■ TASK INSTRUCTIONS: Which of the lines in the records below hold the string "longleftrightarrow"? Copy every one of them.

======== RECORDS FOR THIS TASK ========

(* Let $(a_i)_{i\in\mathbb{Z}}$ and $(b_i)_{i\in\mathbb{Z}}$ be jointly stationary processes, with $a_i$ taking values in the positive integers and $b_i$ in a finite or countable alphabet, such that: (i) $(a_i)$ is i.i.d.; (ii) each $a_i$ is independent of the joint collection $\{a_j: j<i\}\cup\{b_j:j<i\}$; (iii) each $b_i$ is almost surely determined by $a_i,b_{i-1},b_{i-2},\dots,b_{i-a_i}$. Then $(b_i)_{i\in\mathbb{Z}}$ is a uniform martingale.
   Context: A stationary process $(X_i)_{i\in\mathbb{Z}}$ on a finite or countable alphabet is a uniform martingale if the conditional distribution of $X_0$ given $X_{-1},\dots,X_{-n}$ converges as $n\to\infty$ to the conditional distribution of $X_0$ given the entire past $X_{-1},X_{-2},\dots$ in total variation, uniformly over all pasts. *)

theory Defs
  imports "HOL-Probability.Probability"
begin

text \<open>Sub-sigma-algebra of M generated by the random variables X j, j in J
  (X countable-valued, so generated by point preimages).\<close>
definition gen_algebra :: "'w measure \<Rightarrow> (int \<Rightarrow> 'w \<Rightarrow> 'b) \<Rightarrow> int set \<Rightarrow> 'w measure" where
  "gen_algebra M X J = sigma (space M) {X j -` {x} \<inter> space M | j x. j \<in> J}"

definition stationary :: "'w measure \<Rightarrow> (int \<Rightarrow> 'w \<Rightarrow> 'c) \<Rightarrow> bool" where
  "stationary M Z \<longleftrightarrow>
     (\<forall>i. Z i \<in> measurable M (count_space UNIV)) \<and>
     (\<forall>k::int. distr M (PiM UNIV (\<lambda>_. count_space UNIV)) (\<lambda>\<omega> i. Z (i + k) \<omega>)
              = distr M (PiM UNIV (\<lambda>_. count_space UNIV)) (\<lambda>\<omega> i. Z i \<omega>))"

definition cond_prob0 :: "'w measure \<Rightarrow> (int \<Rightarrow> 'w \<Rightarrow> 'b) \<Rightarrow> int set \<Rightarrow> 'b \<Rightarrow> 'w \<Rightarrow> real" where
  "cond_prob0 M X J x = real_cond_exp M (gen_algebra M X J) (indicator {\<omega> \<in> space M. X 0 \<omega> = x})"

text \<open>Uniform martingale: a stationary process such that the total variation distance
  (here the l1 distance, i.e. twice the TV distance) between the conditional law of X 0
  given X (-1),...,X (-n) and the conditional law of X 0 given the whole past tends to
  zero uniformly over (almost) all pasts, i.e. in essential-supremum norm.\<close>
definition uniform_martingale :: "'w measure \<Rightarrow> (int \<Rightarrow> 'w \<Rightarrow> 'b::countable) \<Rightarrow> bool" where
  "uniform_martingale M X \<longleftrightarrow> stationary M X \<and>
     (\<forall>e>0. \<exists>N. \<forall>n\<ge>N. AE \<omega> in M.
        (\<integral>\<^sup>+ x. ennreal \<bar>cond_prob0 M X {- int n..-1} x \<omega> - cond_prob0 M X {..-1} x \<omega>\<bar> \<partial>count_space UNIV)
          \<le> ennreal e)"

end

theory Submission
  imports Defs
begin

text \<open>Almost surely \<open>b 0 = f (a 0) [b (-1), \<dots>, b (- a 0)]\<close>. On the event \<open>a 0 = k \<le> n\<close> the
  value \<open>b 0\<close> is thus a function of the last \<open>k\<close> values of \<open>b\<close>, and \<open>a 0\<close> is independent of
  the past. Hence for every \<open>\<sigma>\<close>-algebra \<open>G\<close> between \<open>\<sigma>(b (-n), \<dots>, b (-1))\<close> and
  \<open>\<sigma>(b j : j < 0)\<close>,
  \<open>P(b 0 = x | G) = (\<Sum>k\<le>n. P(a 0 = k) \<cdot> [f k [b (-1), \<dots>, b (-k)] = x]) + P(b 0 = x, a 0 > n | G)\<close>.
  The sum does not depend on \<open>G\<close>, and the remainders add up over \<open>x\<close> to at most \<open>P(a 0 > n)\<close>,
  so the \<open>l\<^sup>1\<close> distance between the two conditional laws is at most \<open>2 P(a 0 > n) \<longrightarrow> 0\<close>,
  uniformly over the past.\<close>

lemma space_gen_algebra [simp]: "space (gen_algebra M X J) = space M"
  unfolding gen_algebra_def by (simp add: space_measure_of_conv)

lemma sets_gen_algebra:
  "sets (gen_algebra M X J) = sigma_sets (space M) {X j -` {x} \<inter> space M | j x. j \<in> J}"
  unfolding gen_algebra_def by (rule sets_measure_of) auto

lemma measurable_gen_algebra:
  fixes X :: "int \<Rightarrow> 'w \<Rightarrow> 'c::countable"
  assumes "j \<in> J"
  shows "X j \<in> gen_algebra M X J \<rightarrow>\<^sub>M count_space UNIV"
  unfolding measurable_count_space_eq2_countable space_gen_algebra sets_gen_algebra
  using assms by (auto intro!: sigma_sets.Basic)

lemma subalgebra_gen_algebra:
  fixes X :: "int \<Rightarrow> 'w \<Rightarrow> 'c::countable"
  assumes "\<And>j. j \<in> J \<Longrightarrow> X j \<in> M \<rightarrow>\<^sub>M count_space UNIV"
  shows "subalgebra M (gen_algebra M X J)"
  unfolding subalgebra_def space_gen_algebra sets_gen_algebra
proof (intro conjI refl sets.sigma_sets_subset)
  show "{X j -` {x} \<inter> space M |j x. j \<in> J} \<subseteq> sets M"
    using assms measurable_sets[of _ M "count_space UNIV"] by fastforce
qed

lemma (in prob_space) sigma_finite_subalgebra_gen_algebra:
  fixes X :: "int \<Rightarrow> 'a \<Rightarrow> 'c::countable"
  assumes "\<And>j. j \<in> J \<Longrightarrow> X j \<in> M \<rightarrow>\<^sub>M count_space UNIV"
  shows "sigma_finite_subalgebra M (gen_algebra M X J)"
  by (intro finite_measure_subalgebra_is_sigma_finite finite_measure_subalgebra.intro
      finite_measure_subalgebra_axioms.intro finite_measure_axioms subalgebra_gen_algebra assms)

lemma sets_gen_algebra_comp_subset:
  fixes Y :: "int \<Rightarrow> 'w \<Rightarrow> 'c::countable"
  assumes "J \<subseteq> K"
  shows "sets (gen_algebra M (\<lambda>j \<omega>. g (Y j \<omega>)) J) \<subseteq> sets (gen_algebra M Y K)"
  unfolding sets_gen_algebra[of M "\<lambda>j \<omega>. g (Y j \<omega>)"]
proof (rule sets.sigma_sets_subset[of _ "gen_algebra M Y K", simplified])
  show "{(\<lambda>\<omega>. g (Y j \<omega>)) -` {x} \<inter> space M |j x. j \<in> J} \<subseteq> sets (gen_algebra M Y K)"
  proof clarify
    fix j x assume "j \<in> J"
    then have "Y j -` (g -` {x}) \<inter> space (gen_algebra M Y K) \<in> sets (gen_algebra M Y K)"
      using assms by (intro measurable_sets[OF measurable_gen_algebra]) auto
    then show "(\<lambda>\<omega>. g (Y j \<omega>)) -` {x} \<inter> space M \<in> sets (gen_algebra M Y K)"
      by (simp add: vimage_def)
  qed
qed

lemma measurable_map_count_space:
  fixes g :: "'i \<Rightarrow> 'w \<Rightarrow> 'c::countable"
  assumes "\<And>y. y \<in> set ys \<Longrightarrow> g y \<in> N \<rightarrow>\<^sub>M count_space UNIV"
  shows "(\<lambda>\<omega>. map (\<lambda>y. g y \<omega>) ys) \<in> N \<rightarrow>\<^sub>M count_space UNIV"
  using assms
proof (induction ys)
  case (Cons y ys)
  have "(\<lambda>\<omega>. (g y \<omega>, map (\<lambda>y. g y \<omega>) ys)) \<in> N \<rightarrow>\<^sub>M count_space UNIV \<Otimes>\<^sub>M count_space UNIV"
    using Cons by (intro measurable_Pair) auto
  then have "(\<lambda>\<omega>. (g y \<omega>, map (\<lambda>y. g y \<omega>) ys)) \<in> N \<rightarrow>\<^sub>M count_space UNIV"
    by (simp only: pair_measure_countable[OF countableI_type countableI_type] UNIV_Times_UNIV)
  from measurable_compose[OF this, of "\<lambda>(z, zs). z # zs" "count_space UNIV"]
  show ?case by simp
qed simp
lemma orlicz_norm_indicator_cong:
  assumes "orlicz_function \<Phi>" "A \<in> sets lebesgue" "B \<in> sets lebesgue"
    and "emeasure lebesgue A = emeasure lebesgue B"
  shows "orlicz_norm \<Phi> (indicator A :: real^'n \<Rightarrow> real) = orlicz_norm \<Phi> (indicator B)"
  by (simp only: orlicz_norm_def orlicz_modular_indicator[OF assms(1,2)]
      orlicz_modular_indicator[OF assms(1,3)] assms(4))

lemma orlicz_norm_indicator_pos:
  fixes A :: "(real^'n) set"
  assumes \<Phi>: "orlicz_function \<Phi>" and A: "A \<in> sets lebesgue" "0 < emeasure lebesgue A"
  shows "0 < orlicz_norm \<Phi> (indicator A :: real^'n \<Rightarrow> real)"
proof -
  obtain v where v: "0 < v" "ennreal v \<le> emeasure lebesgue A"
    using A(2) by (cases "emeasure lebesgue A" rule: ennreal_cases) (auto intro: that[of 1])
  obtain M0 where M0: "\<And>y. M0 \<le> y \<Longrightarrow> 2 / v \<le> \<Phi> y"
    using \<Phi> unfolding orlicz_function_def filterlim_at_top eventually_at_top_linorder by blast
  define M where "M = max M0 1"
  have M: "1 \<le> M" "\<And>y. M \<le> y \<Longrightarrow> 2 / v \<le> \<Phi> y"
    using M0 unfolding M_def by auto
  have "ennreal (1 / M) \<le> orlicz_norm \<Phi> (indicator A :: real^'n \<Rightarrow> real)"
    unfolding orlicz_norm_def
  proof (rule Inf_greatest, safe)
    fix l :: real assume l: "0 < l" "orlicz_modular \<Phi> (indicator A :: real^'n \<Rightarrow> real) l \<le> 1"
    show "ennreal (1 / M) \<le> ennreal l"
    proof (rule ccontr)
      assume "\<not> ennreal (1 / M) \<le> ennreal l"
      then have "M \<le> 1 / l" using l M by (simp add: ennreal_le_iff2 not_le field_simps)
      then have "2 \<le> \<Phi> (1 / l) * v" using M(2) v by (simp add: field_simps)
      then have "ennreal 2 \<le> ennreal (\<Phi> (1 / l) * v)" by (rule ennreal_leI)
      also have "\<dots> = ennreal (\<Phi> (1 / l)) * ennreal v"
        using v l orlicz_function_nonneg[OF \<Phi>, of "1 / l"] by (simp add: ennreal_mult)
      also have "\<dots> \<le> orlicz_modular \<Phi> (indicator A :: real^'n \<Rightarrow> real) l"
        unfolding orlicz_modular_indicator[OF \<Phi> A(1)] by (intro mult_left_mono v) simp
      finally have "ennreal 2 \<le> 1" using l(2) by (rule order_trans)
      then show False by simp
    qed
  qed
  moreover have "0 < ennreal (1 / M)" using M by simp
  ultimately show ?thesis by (rule less_le_trans[rotated])
qed

lemma orlicz_modular_cover_le:
  assumes \<Phi>: "orlicz_function \<Phi>" and "finite I" "0 < l"
    and "\<And>i. i \<in> I \<Longrightarrow> G i \<in> borel_measurable lebesgue"
    and cover: "\<And>y. \<exists>i\<in>I. \<bar>g y\<bar> \<le> \<bar>G i y\<bar>"
  shows "orlicz_modular \<Phi> g l \<le> (\<Sum>i\<in>I. orlicz_modular \<Phi> (G i) l)"
proof -
  have "orlicz_modular \<Phi> g l \<le> (\<integral>\<^sup>+x. (\<Sum>i\<in>I. ennreal (\<Phi> (\<bar>G i x\<bar> / l))) \<partial>lebesgue)"
  proof (rule nn_integral_mono)
    fix x
    obtain i where "i \<in> I" "\<bar>g x\<bar> \<le> \<bar>G i x\<bar>" using cover by blast
    then have "ennreal (\<Phi> (\<bar>g x\<bar> / l)) \<le> ennreal (\<Phi> (\<bar>G i x\<bar> / l))"
      using \<open>0 < l\<close> by (intro ennreal_leI orlicz_function_mono[OF \<Phi>] divide_right_mono) auto
    also have "\<dots> \<le> (\<Sum>i\<in>I. ennreal (\<Phi> (\<bar>G i x\<bar> / l)))"
      using \<open>finite I\<close> \<open>i \<in> I\<close> by (intro member_le_sum) auto
    finally show "ennreal (\<Phi> (\<bar>g x\<bar> / l)) \<le> (\<Sum>i\<in>I. ennreal (\<Phi> (\<bar>G i x\<bar> / l)))" .
  qed
  also have "\<dots> = (\<Sum>i\<in>I. orlicz_modular \<Phi> (G i) l)"
    using assms by (intro nn_integral_sum measurable_orlicz_modular_integrand) auto
  finally show ?thesis .
qed
lemma one_le_poisson_kernel_grid_pole:
  assumes "0 < m" "m \<le> 1/8" "\<bar>grid_point (m/2) j - \<tau>\<bar> \<le> m/4"
  shows "1 \<le> m * poisson_kernel (grid_pole m j) (of_real (1 - m) * cis \<tau>)"
proof -
  define t where "t = grid_point (m/2) j"
  define w where "w = of_real (1 - m) * cis \<tau>"
  have norm_w: "cmod w = 1 - m"
    using assms unfolding w_def by (intro norm_of_real_mult_cis) simp
  have norm_p: "cmod (grid_pole m j) = 1 - 3*m/4"
    using assms by (simp add: norm_grid_pole)
  have "grid_pole m j - w = of_real (m/4) * cis t + of_real (1 - m) * (cis t - cis \<tau>)"
    by (simp add: grid_pole_def w_def t_def algebra_simps)
  then have "cmod (grid_pole m j - w) \<le> cmod (of_real (m/4) * cis t) + cmod (of_real (1 - m) * (cis t - cis \<tau>))"
    by (metis norm_triangle_ineq)
  also have "\<dots> = m/4 + (1 - m) * cmod (cis t - cis \<tau>)"
    using assms by (simp only: norm_mult norm_of_real norm_cis)
  also have "\<dots> \<le> m/4 + 1 * (m/4)"
    using assms norm_cis_diff_le[of t \<tau>] unfolding t_def by (intro add_left_mono mult_mono) auto
  finally have "(cmod (grid_pole m j - w))\<^sup>2 \<le> (m/2)\<^sup>2"
    by (intro power_mono) auto
  also have "\<dots> \<le> m * ((cmod (grid_pole m j))\<^sup>2 - (cmod w)\<^sup>2)"
  proof -
    have "m * ((1 - 3*m/4)\<^sup>2 - (1 - m)\<^sup>2) - (m/2)\<^sup>2 = m\<^sup>2 * (1/4 - 7*m/16)"
      by (simp add: power2_eq_square algebra_simps)
    moreover have "0 \<le> m\<^sup>2 * (1/4 - 7*m/16)"
      using assms by simp
    ultimately show ?thesis
      unfolding norm_p norm_w by linarith
  qed
  finally have "(cmod (grid_pole m j - w))\<^sup>2 \<le> m * ((cmod (grid_pole m j))\<^sup>2 - (cmod w)\<^sup>2)" .
  moreover have "grid_pole m j \<noteq> w"
    using norm_p norm_w assms by auto
  ultimately show ?thesis
    unfolding poisson_kernel_def w_def[symmetric] by (simp add: le_divide_eq)
qed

========

■ REPLY TO THE TASK:
  "stationary M Z \<longleftrightarrow>
  "uniform_martingale M X \<longleftrightarrow> stationary M X \<and>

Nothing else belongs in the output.